To capture the idea of winding number, we'll do the following: pick a point $x \in S^1$ arbitrarily. Let the subcomplex $C^x_* \subset C_*(M;\Bbb Z)$ consist of those chains $\sigma: \Delta^k \to M$ so that $\sigma$ is a smooth map, and so that both $\sigma$ and $\partial \sigma$ are transverse to $x$. This means that if $k < \dim M$, the map $\sigma: \Delta^k \to M$ should not have $x$ in its image (and similarly for $\partial \sigma$ when $k = \dim M$). If $k = \dim M$, the map $\sigma: \Delta^n \to M$ should have $\partial \sigma$ disjoint from $x$, and for every $p \in \Delta^n$ with $\sigma(p) = x$, we should have $d\sigma_p: \Bbb R^n \to T_x M$ surjective. Similarly for $k > \dim M$.

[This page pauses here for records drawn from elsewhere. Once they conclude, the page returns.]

(* Let $\Sigma_1,\Sigma_2$ be subspaces of the Euclidean space $E_n$ with $1\le \dim\Sigma_1,\dim\Sigma_2\le n-1$, and let $\Sigma_1^*,\Sigma_2^*$ be their orthogonal complements. Then $\varphi(\Sigma_1,\Sigma_2)=\varphi(\Sigma_1^*,\Sigma_2^* )$.
   Context: $E_n$ is $\mathbb R^n$ with its standard inner product $(\cdot,\cdot)$. Angle between subspaces: for nonzero subspaces $S,T$ of $E_n$ with $\dim S=p\le q=\dim T$, choose orthonormal bases $\mathbf a_1,\dots,\mathbf a_p$ of $S$ and $\mathbf b_1,\dots,\mathbf b_q$ of $T$ and let $M$ be the $p\times q$ matrix $M_{ij}=(\mathbf a_i,\mathbf b_j)$. Then $0\le\det(MM^T)\le 1$, and the angle $\varphi(S,T)=\varphi(T,S)\in[0,\pi/2]$ is defined by $\cos^2\varphi(S,T)=\det(MM^T)$ (this does not depend on the choice of orthonormal bases). *)

theory Defs
  imports "HOL-Analysis.Analysis"
begin

definition is_onb :: "'a::euclidean_space set \<Rightarrow> 'a list \<Rightarrow> bool" where
  "is_onb S as \<longleftrightarrow> length as = dim S \<and>
     (\<forall>i<length as. \<forall>j<length as. as ! i \<bullet> as ! j = (if i = j then 1 else 0)) \<and>
     span (set as) = S"

definition det_nat :: "nat \<Rightarrow> (nat \<Rightarrow> nat \<Rightarrow> real) \<Rightarrow> real" where
  "det_nat p A = (\<Sum>\<sigma> | \<sigma> permutes {..<p}. of_int (sign \<sigma>) * (\<Prod>i<p. A i (\<sigma> i)))"

text \<open>det(M M^T) where M_ij = (a_i, b_j), p = length as, q = length bs.\<close>
definition gram_cos2 :: "'a::euclidean_space list \<Rightarrow> 'a list \<Rightarrow> real" where
  "gram_cos2 as bs = det_nat (length as)
     (\<lambda>i j. \<Sum>k<length bs. (as ! i \<bullet> bs ! k) * (as ! j \<bullet> bs ! k))"

definition cos2_angle :: "'a::euclidean_space set \<Rightarrow> 'a set \<Rightarrow> real" where
  "cos2_angle S T =
     (if dim S \<le> dim T then gram_cos2 (SOME as. is_onb S as) (SOME bs. is_onb T bs)
      else gram_cos2 (SOME bs. is_onb T bs) (SOME as. is_onb S as))"

definition subspace_angle :: "'a::euclidean_space set \<Rightarrow> 'a set \<Rightarrow> real" where
  "subspace_angle S T = arccos (sqrt (cos2_angle S T))"

end

theory Submission
  imports Defs "Jordan_Normal_Form.Determinant"
begin

text \<open>Fix orthonormal bases \<open>a\<close> of \<open>\<Sigma>1\<close>, \<open>b\<close> of \<open>\<Sigma>2\<close>, \<open>c\<close> of \<open>\<Sigma>2\<^sup>*\<close> and
  \<open>d\<close> of \<open>\<Sigma>1\<^sup>*\<close>, and let \<open>B\<close> be the matrix \<open>((a\<^sub>i, c\<^sub>k))\<close>. Since \<open>b\<close> and \<open>c\<close>
  together form an orthonormal basis of \<open>E\<^sub>n\<close>, Parseval's identity gives
  \<open>M(a,b) M(a,b)\<^sup>T = 1 - B B\<^sup>T\<close>, and in the same way
  \<open>M(c,d) M(c,d)\<^sup>T = 1 - B\<^sup>T B\<close>. Sylvester's determinant identity
  \<open>det (1 - B B\<^sup>T) = det (1 - B\<^sup>T B)\<close> then equates the two squared cosines.\<close>

lemma det_one_minus_mult_commute:
  fixes A :: "'a::idom mat"
  assumes A: "A \<in> carrier_mat p m" and B: "B \<in> carrier_mat m p"
  shows "Determinant.det (1\<^sub>m p - A * B) = Determinant.det (1\<^sub>m m - B * A)"
proof -
  define M where "M = four_block_mat (1\<^sub>m p) A B (1\<^sub>m m)"
  define N1 where "N1 = four_block_mat (1\<^sub>m p) (-A) (0\<^sub>m m p) (1\<^sub>m m)"
  define N2 where "N2 = four_block_mat (1\<^sub>m p) (0\<^sub>m p m) (-B) (1\<^sub>m m)"
  have M: "M \<in> carrier_mat (p+m) (p+m)" unfolding M_def using A B by auto
  have N1: "N1 \<in> carrier_mat (p+m) (p+m)" unfolding N1_def using A by auto
  have N2: "N2 \<in> carrier_mat (p+m) (p+m)" unfolding N2_def using B by auto
  have "Determinant.det N1 = 1" unfolding N1_def
    by (subst det_four_block_mat_lower_left_zero[of _ p _ m]) (use A in auto)
  moreover have "Determinant.det N2 = 1" unfolding N2_def
    by (subst det_four_block_mat_upper_right_zero[of _ p _ m]) (use B in auto)
  moreover have "M * N1 = four_block_mat (1\<^sub>m p) (0\<^sub>m p m) B (1\<^sub>m m - B * A)"
    unfolding M_def N1_def using A B by (subst mult_four_block_mat) auto
  then have "Determinant.det (M * N1) = Determinant.det (1\<^sub>m m - B * A)"
    by (simp, subst det_four_block_mat_upper_right_zero[of _ p _ m]) (use A B in auto)
  moreover have "M * N2 = four_block_mat (1\<^sub>m p - A * B) A (0\<^sub>m m p) (1\<^sub>m m)"
    unfolding M_def N2_def using A B by (subst mult_four_block_mat) auto
  then have "Determinant.det (M * N2) = Determinant.det (1\<^sub>m p - A * B)"
    by (simp, subst det_four_block_mat_lower_left_zero[of _ p _ m]) (use A B in auto)
  ultimately show ?thesis using det_mult[OF M N1] det_mult[OF M N2] by simp
qed

no_notation Matrix.scalar_prod (infix "\<bullet>" 70)

definition orthonormal_list :: "'a::real_inner list \<Rightarrow> bool" where
  "orthonormal_list xs \<longleftrightarrow>
     (\<forall>i<length xs. \<forall>j<length xs. xs ! i \<bullet> xs ! j = (if i = j then 1 else 0))"

lemma is_onb_iff:
  "is_onb S xs \<longleftrightarrow> length xs = dim S \<and> orthonormal_list xs \<and> span (set xs) = S"
  unfolding is_onb_def orthonormal_list_def by blast

lemma inner_nth_sum_orthonormal_list:
  assumes "orthonormal_list xs" and "j < length xs"
  shows "xs ! j \<bullet> (\<Sum>k<length xs. c k *\<^sub>R xs ! k) = c j"
proof -
  have "xs ! j \<bullet> (\<Sum>k<length xs. c k *\<^sub>R xs ! k) = (\<Sum>k<length xs. c k * (if j = k then 1 else 0))"
    unfolding inner_sum_right inner_scaleR_right using assms
    by (intro sum.cong) (auto simp: orthonormal_list_def)
  also have "\<dots> = c j" using assms(2) by (simp add: if_distrib cong: if_cong)
  finally show ?thesis .
qed

lemma orthogonal_span_list:
  fixes xs :: "'a::real_inner list"
  assumes "\<And>j. j < length xs \<Longrightarrow> xs ! j \<bullet> r = 0" and "z \<in> span (set xs)"
  shows "z \<bullet> r = 0"
proof -
  have "Linear_Algebra.orthogonal r z"
    by (rule orthogonal_to_span[OF assms(2)])
       (metis assms(1) in_set_conv_nth inner_commute Linear_Algebra.orthogonal_def)
  then show ?thesis by (simp add: Linear_Algebra.orthogonal_def inner_commute)
qed

lemma orthonormal_list_expansion:
  fixes w :: "'a::real_inner"
  assumes xs: "orthonormal_list xs" and w: "w \<in> span (set xs)"
  shows "w = (\<Sum>k<length xs. (w \<bullet> xs ! k) *\<^sub>R xs ! k)"
proof -
  define r where "r = w - (\<Sum>k<length xs. (w \<bullet> xs ! k) *\<^sub>R xs ! k)"
  have "r \<in> span (set xs)" unfolding r_def
    by (intro span_diff w span_sum span_mul span_base) simp
  moreover have "xs ! j \<bullet> r = 0" if "j < length xs" for j
    using inner_nth_sum_orthonormal_list[OF xs that]
    by (simp add: r_def inner_diff_right inner_commute)
  ultimately have "r \<bullet> r = 0" using orthogonal_span_list by blast
  then show ?thesis unfolding r_def by simp
qed

lemma is_onb_exists:
  fixes S :: "'a::euclidean_space set"
  assumes "subspace S"
  shows "\<exists>xs. is_onb S xs"
proof -
  obtain B where ortho: "pairwise Linear_Algebra.orthogonal B" "\<And>x. x \<in> B \<Longrightarrow> norm x = 1"
    and "independent B" and card: "card B = dim S" and span: "span B = S"
    using orthonormal_basis_subspace[OF assms] by metis
  then have "finite B" by (simp add: indep_card_eq_dim_span)
  then obtain xs where xs: "set xs = B" "distinct xs" using finite_distinct_list by blast
  have "xs ! i \<bullet> xs ! j = (if i = j then 1 else 0)"
    if "i < length xs" "j < length xs" for i j
  proof -
    have "xs ! i \<in> B" "xs ! j \<in> B" using that xs(1) nth_mem by blast+
    moreover have "i \<noteq> j \<Longrightarrow> xs ! i \<noteq> xs ! j" using xs(2) that nth_eq_iff_index_eq by blast
    ultimately show ?thesis
      using ortho unfolding pairwise_def Linear_Algebra.orthogonal_def by (auto simp: norm_eq_1)
  qed
  moreover have "length xs = dim S" using xs card distinct_card by fastforce
  ultimately show ?thesis unfolding is_onb_iff orthonormal_list_def using xs span by blast
qed

lemma is_onb_some:
  fixes S :: "'a::euclidean_space set"
  assumes "subspace S"
  shows "is_onb S (SOME xs. is_onb S xs)"
  using someI_ex[OF is_onb_exists[OF assms]] .

lemma inner_eq_sum_onb_orthogonal_comp:
  fixes x y :: "'a::euclidean_space"
  assumes as: "is_onb S as" and ds: "is_onb (orthogonal_comp S) ds"
  shows "x \<bullet> y = (\<Sum>i<length as. (x \<bullet> as ! i) * (y \<bullet> as ! i))
                + (\<Sum>k<length ds. (x \<bullet> ds ! k) * (y \<bullet> ds ! k))"
proof -
  have aon: "orthonormal_list as" and asp: "span (set as) = S"
    and don: "orthonormal_list ds" and dsp: "span (set ds) = orthogonal_comp S"
    using as ds unfolding is_onb_iff by auto
  have a_in: "as ! i \<in> S" if "i < length as" for i using asp that by (metis nth_mem span_base)
  have d_in: "ds ! k \<in> orthogonal_comp S" if "k < length ds" for k
    using dsp that by (metis nth_mem span_base)
  define u where "u = y - (\<Sum>i<length as. (y \<bullet> as ! i) *\<^sub>R as ! i)"
  have "as ! j \<bullet> u = 0" if "j < length as" for j
    using inner_nth_sum_orthonormal_list[OF aon that]
    by (simp add: u_def inner_diff_right inner_commute)
  then have "u \<in> orthogonal_comp S"
    using orthogonal_span_list asp unfolding orthogonal_comp_def Linear_Algebra.orthogonal_def by blast
  then have "u = (\<Sum>k<length ds. (u \<bullet> ds ! k) *\<^sub>R ds ! k)"
    using orthonormal_list_expansion[OF don] dsp by blast
  also have "\<dots> = (\<Sum>k<length ds. (y \<bullet> ds ! k) *\<^sub>R ds ! k)"
    using a_in d_in
    by (intro sum.cong) (auto simp: u_def inner_diff_left inner_sum_left orthogonal_comp_def Linear_Algebra.orthogonal_def)
  finally have "y = (\<Sum>i<length as. (y \<bullet> as ! i) *\<^sub>R as ! i) + (\<Sum>k<length ds. (y \<bullet> ds ! k) *\<^sub>R ds ! k)"
    unfolding u_def by (simp add: algebra_simps)
  then have "x \<bullet> y = x \<bullet> ((\<Sum>i<length as. (y \<bullet> as ! i) *\<^sub>R as ! i) + (\<Sum>k<length ds. (y \<bullet> ds ! k) *\<^sub>R ds ! k))"
    by simp
  then show ?thesis by (simp add: inner_add_right inner_sum_right mult.commute)
qed

lemma dim_orthogonal_comp:
  fixes S :: "'a::euclidean_space set"
  assumes "subspace S"
  shows "dim (orthogonal_comp S) + dim S = DIM('a)"
proof -
  have "{x + y |x y. x \<in> S \<and> y \<in> orthogonal_comp S} = UNIV"
    using subspace_sum_orthogonal_comp[OF assms] unfolding set_plus_def by blast
  then show ?thesis
    using dim_sums_Int[OF assms subspace_orthogonal_comp[of S]] orthogonal_Int_0[OF assms]
    by (simp add: dim_UNIV)
qed

definition inner_mat :: "'a::real_inner list \<Rightarrow> 'a list \<Rightarrow> real mat" where
  "inner_mat xs ys = mat (length xs) (length ys) (\<lambda>(i, j). xs ! i \<bullet> ys ! j)"

lemma inner_mat_carrier [simp]: "inner_mat xs ys \<in> carrier_mat (length xs) (length ys)"
  by (simp add: inner_mat_def)

lemma dim_inner_mat [simp]:
  "dim_row (inner_mat xs ys) = length xs" "dim_col (inner_mat xs ys) = length ys"
  by (simp_all add: inner_mat_def)

lemma det_nat_eq_det: "det_nat p A = Determinant.det (mat p p (\<lambda>(i, j). A i j))"
  unfolding det_nat_def Determinant.det_def
  by (auto simp: atLeast0LessThan permutes_in_image intro!: sum.cong prod.cong)

lemma gram_cos2_eq_det: "gram_cos2 xs ys = Determinant.det (inner_mat xs ys * inner_mat ys xs)"
  unfolding gram_cos2_def det_nat_eq_det
  by (rule arg_cong[where f = Determinant.det], rule eq_matI)
     (auto simp: inner_mat_def scalar_prod_def atLeast0LessThan inner_commute)

lemma gram_cos2_commute:
  assumes "length xs = length ys"
  shows "gram_cos2 xs ys = gram_cos2 ys xs"
proof -
  have M: "inner_mat xs ys \<in> carrier_mat (length xs) (length xs)"
    and M': "inner_mat ys xs \<in> carrier_mat (length xs) (length xs)"
    using assms inner_mat_carrier by metis+
  show ?thesis using det_mult[OF M M'] det_mult[OF M' M] by (simp add: gram_cos2_eq_det)
qed

lemma inner_mat_mult_orthogonal_comp:
  assumes xs: "orthonormal_list xs"
    and bs: "is_onb T bs" and cs: "is_onb (orthogonal_comp T) cs"
  shows "inner_mat xs bs * inner_mat bs xs = 1\<^sub>m (length xs) - inner_mat xs cs * inner_mat cs xs"
proof (rule eq_matI)
  fix i j assume "i < dim_row (1\<^sub>m (length xs) - inner_mat xs cs * inner_mat cs xs)"
    and "j < dim_col (1\<^sub>m (length xs) - inner_mat xs cs * inner_mat cs xs)"
  then have i: "i < length xs" and j: "j < length xs" by auto
  show "(inner_mat xs bs * inner_mat bs xs) $$ (i, j)
          = (1\<^sub>m (length xs) - inner_mat xs cs * inner_mat cs xs) $$ (i, j)"
    using inner_eq_sum_onb_orthogonal_comp[OF bs cs, of "xs ! i" "xs ! j"] xs i j
    by (simp add: inner_mat_def orthonormal_list_def scalar_prod_def atLeast0LessThan inner_commute)
qed auto

lemma gram_cos2_orthogonal_comp:
  fixes S T :: "'a::euclidean_space set"
  assumes as: "is_onb S as" and ds: "is_onb (orthogonal_comp S) ds"
    and bs: "is_onb T bs" and cs: "is_onb (orthogonal_comp T) cs"
  shows "gram_cos2 as bs = gram_cos2 cs ds"
proof -
  have "orthogonal_comp (orthogonal_comp S) = S"
    using as by (metis is_onb_iff orthogonal_comp_self subspace_span)
  then have as': "is_onb (orthogonal_comp (orthogonal_comp S)) as" using as by simp
  have "orthonormal_list as" "orthonormal_list cs" using as cs by (auto simp: is_onb_iff)
  have "gram_cos2 as bs = Determinant.det (1\<^sub>m (length as) - inner_mat as cs * inner_mat cs as)"
    using inner_mat_mult_orthogonal_comp[OF \<open>orthonormal_list as\<close> bs cs]
    by (simp add: gram_cos2_eq_det)
  also have "\<dots> = Determinant.det (1\<^sub>m (length cs) - inner_mat cs as * inner_mat as cs)"
    by (rule det_one_minus_mult_commute) simp_all
  also have "\<dots> = gram_cos2 cs ds"
    using inner_mat_mult_orthogonal_comp[OF \<open>orthonormal_list cs\<close> ds as']
    by (simp add: gram_cos2_eq_det)
  finally show ?thesis .
qed

lemma cos2_angle_orthogonal_comp:
  fixes S T :: "'a::euclidean_space set"
  assumes S: "subspace S" and T: "subspace T"
  shows "cos2_angle S T = cos2_angle (orthogonal_comp S) (orthogonal_comp T)"
proof -
  define as bs cs ds where "as = (SOME xs. is_onb S xs)" and "bs = (SOME xs. is_onb T xs)"
    and "cs = (SOME xs. is_onb (orthogonal_comp T) xs)"
    and "ds = (SOME xs. is_onb (orthogonal_comp S) xs)"
  have as: "is_onb S as" and bs: "is_onb T bs"
    and cs: "is_onb (orthogonal_comp T) cs" and ds: "is_onb (orthogonal_comp S) ds"
    unfolding as_def bs_def cs_def ds_def
    using is_onb_some S T subspace_orthogonal_comp by blast+
  have dims: "dim S \<le> dim T \<longleftrightarrow> dim (orthogonal_comp T) \<le> dim (orthogonal_comp S)"
    using dim_orthogonal_comp[OF S] dim_orthogonal_comp[OF T] by linarith
  have "length cs = length ds"
    if "dim S \<le> dim T" "dim (orthogonal_comp S) \<le> dim (orthogonal_comp T)"
    using that dims cs ds by (auto simp: is_onb_iff)
  then show ?thesis
    using gram_cos2_orthogonal_comp[OF as ds bs cs] gram_cos2_orthogonal_comp[OF bs cs as ds]
      gram_cos2_commute[of cs ds] dims
    unfolding cos2_angle_def as_def bs_def cs_def ds_def by auto
qed

theorem theorem1p3:
  fixes \<Sigma>1 \<Sigma>2 :: "'a::euclidean_space set"
  assumes "subspace \<Sigma>1" and "subspace \<Sigma>2"
    and "1 \<le> dim \<Sigma>1" and "dim \<Sigma>1 \<le> DIM('a) - 1"
    and "1 \<le> dim \<Sigma>2" and "dim \<Sigma>2 \<le> DIM('a) - 1"
  shows "subspace_angle \<Sigma>1 \<Sigma>2 = subspace_angle (orthogonal_comp \<Sigma>1) (orthogonal_comp \<Sigma>2)"
  using cos2_angle_orthogonal_comp[OF assms(1,2)] unfolding subspace_angle_def by simp

end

First, this complex $C^x_* \subset C_*(M;\Bbb Z)$ is quasi-isomorphic to the whole complex. This is essentially because of the transversality theorem: given any smooth manifold $N$ and map $f: N \to M$, we may modify $f$ by a homotopy to be transverse to $x$; and if $f$ is already transverse to $x$ along some closed subset of $N$, we may keep the homotopy fixed along that subset. This allows us to take cycles in $M$ and obtain homologous cycles lying in $C^x$; similarly if $v \in C^x_*$ is a cycle which is a boundary in $C_*(M;\Bbb Z)$, we may modify the bounding chain by a homotopy, fixed on the boundary, so that in fact $v$ is a boundary in $C^x_*$.

Now if $M$ is oriented, I can define a cocycle $\deg_x: C^x_n \to \Bbb Z$, given by $$\deg_x(\sigma) = \#\left(p \in \Delta^n \mid \sigma(p) = x\right),$$ where this sum is weighted by signs: if $d\sigma_p: \Bbb R^n \to T_x M$ is an oriented isomorphism, count $p$ positively, and if not, count it negatively.

I claim that $\deg_x$ defines a class in $H_n(\text{Hom}(C^x, \Bbb Z)) = H^n(M;\Bbb Z)$, and in fact, this is the usual "fundamental class" of $M$. The picture is that you restrict to those $n$-chains whose boundaries do not cross over $x$, and then $\deg_x(\sigma)$ just counts (with sign) the number of points in the cycle that actually do cross over $x$. This is how one makes sense of the winding number when there is boundary flying around: pick a basepoint to check how often we "wind around at", and make sure the boundary doesn't get in the way.

Note that no matter what $x$ we choose, for a simplex $\sigma: [0,1] \to S^1$ with $\sigma(0) = \sigma(1) \neq x$, we have $\deg_x(\sigma) = \text{Wind}(\sigma)$.